The Story of Jephthah's Daughter

Judges 11:34-40

At a friend's house, Beth saw the video tape of Disney's Beauty and the Beast. She liked the movie so much, that she got the book from the school library to read.
That evening, after dinner, Beth read the story. It puzzled her that it was so different from the film. She went to ask her mother why that was.
"In the movie, the father gets caught by the Beast because he is trespassing and Beauty trades places with him because he is old," said Beth to her mother. "But in the story, the Beast catches the father picking a rose and makes him promise to bring back the first thing he sees when he gets home. It's really pretty different, but they say it's the same story. Why is that?"
"Stories often change when people retell them," said Beth's mother. "That is why in our house we rely on the Bible.

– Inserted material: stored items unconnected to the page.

(* Let $1\le\beta<\sqrt{5/3}$, and let $\sigma,\sigma_0:[n]\to[K]$ be assignments all of whose community sizes lie in $[\frac{n}{\beta K},\frac{\beta n}{K}]$, with $d(\sigma,\sigma_0)=m$ for an integer $0<m<n$. Then $$\alpha(\sigma;\sigma_0)\wedge\gamma(\sigma;\sigma_0)\ge\begin{cases}\frac{nm}{K\beta}-m^2, & m\le\frac{n}{2K},\\ \frac{c_\beta nm}{K}, & m>\frac n{2K},\end{cases}\qquad c_\beta=\frac{(5-3\beta^2)^2}{2\beta(1+3(5-3\beta^2)^2)}.$$
   Context: $d(\sigma_1,\sigma_2)=\min_\delta d_H(\sigma_1,\delta\circ\sigma_2)$ over permutations $\delta$ of $[K]$, $d_H$ the Hamming distance. $\alpha(\sigma;\sigma_0)=|\{(i,j):i<j,\ \sigma_0(i)=\sigma_0(j),\ \sigma(i)\ne\sigma(j)\}|$ and $\gamma(\sigma;\sigma_0)=|\{(i,j):i<j,\ \sigma_0(i)\ne\sigma_0(j),\ \sigma(i)=\sigma(j)\}|$. *)

theory Defs
  imports "HOL-Analysis.Analysis" "HOL-Combinatorics.Permutations"
begin

definition is_assignment :: "nat \<Rightarrow> nat \<Rightarrow> (nat \<Rightarrow> nat) \<Rightarrow> bool" where
  "is_assignment n K \<sigma> \<longleftrightarrow> (\<forall>i<n. \<sigma> i < K)"

definition hamming :: "nat \<Rightarrow> (nat \<Rightarrow> nat) \<Rightarrow> (nat \<Rightarrow> nat) \<Rightarrow> nat" where
  "hamming n \<sigma>1 \<sigma>2 = card {i. i < n \<and> \<sigma>1 i \<noteq> \<sigma>2 i}"

definition perm_dist :: "nat \<Rightarrow> nat \<Rightarrow> (nat \<Rightarrow> nat) \<Rightarrow> (nat \<Rightarrow> nat) \<Rightarrow> nat" where
  "perm_dist n K \<sigma>1 \<sigma>2 = Min {hamming n \<sigma>1 (\<delta> \<circ> \<sigma>2) | \<delta>. \<delta> permutes {0..<K}}"

definition comm_size :: "nat \<Rightarrow> (nat \<Rightarrow> nat) \<Rightarrow> nat \<Rightarrow> nat" where
  "comm_size n \<sigma> k = card {i. i < n \<and> \<sigma> i = k}"

definition alpha_cnt :: "nat \<Rightarrow> (nat \<Rightarrow> nat) \<Rightarrow> (nat \<Rightarrow> nat) \<Rightarrow> nat" where
  "alpha_cnt n \<sigma> \<sigma>0 = card {(i, j). i < j \<and> j < n \<and> \<sigma>0 i = \<sigma>0 j \<and> \<sigma> i \<noteq> \<sigma> j}"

In the Bible we can find the original, unchanging stories as they were meant to be told."
"Is the story of Beauty and the Beast in the Bible, Mother,?" Beth asked.
"The story that became Beauty and the Beast is there," she answered. "Here, let me tell it to you."
And this is the story she told:

One day Jephthah promised God that, in return for help in killing a lot of people, he would set on fire whatever came to greet him when he got home. when Jephthah got to his house in Mizpeh, the only person to come out and greet him was his daughter. She was dancing and banging a tambourine, but that didn't make Jephthah happy -- she was his only daughter and he was going to have to set her on fire.
Jephthah was so upset that he tore his clothes and said, "Oh no daughter! You made me feel down, you caused me big problems. See, I opened my big mouth and can't take my promise back."
Jephthah's daughter said, "That's okay, Dad. If you made a promise to God then you'd better keep it. God kept his part of the bargain, so you should keep yours.
"But before you set me on fire," she continued, "let me walk around the mountains with some friends for a couple months and cry because I'm going to die without anyone having put a penis in me."
"Okay," said Jephthah, and he sent her on her way.
Two months later, Jephthah's daughter came back and he set her on fire. That is why in Israel it is a tradition to this day for girls to spend four days being depressed that Jephthah's daughter had to be set on fire without having a penis put in her first.

Beth thought about this for a moment. "That isn't a very happy ending," said Beth, depressed at the thought of the little girl being set on fire by her father.
"The truth is often unhappy, Dear One," said Beth's mother.
Beth couldn't quite work up a smile, but she dutifully hugged her mother. All her questions had been answered.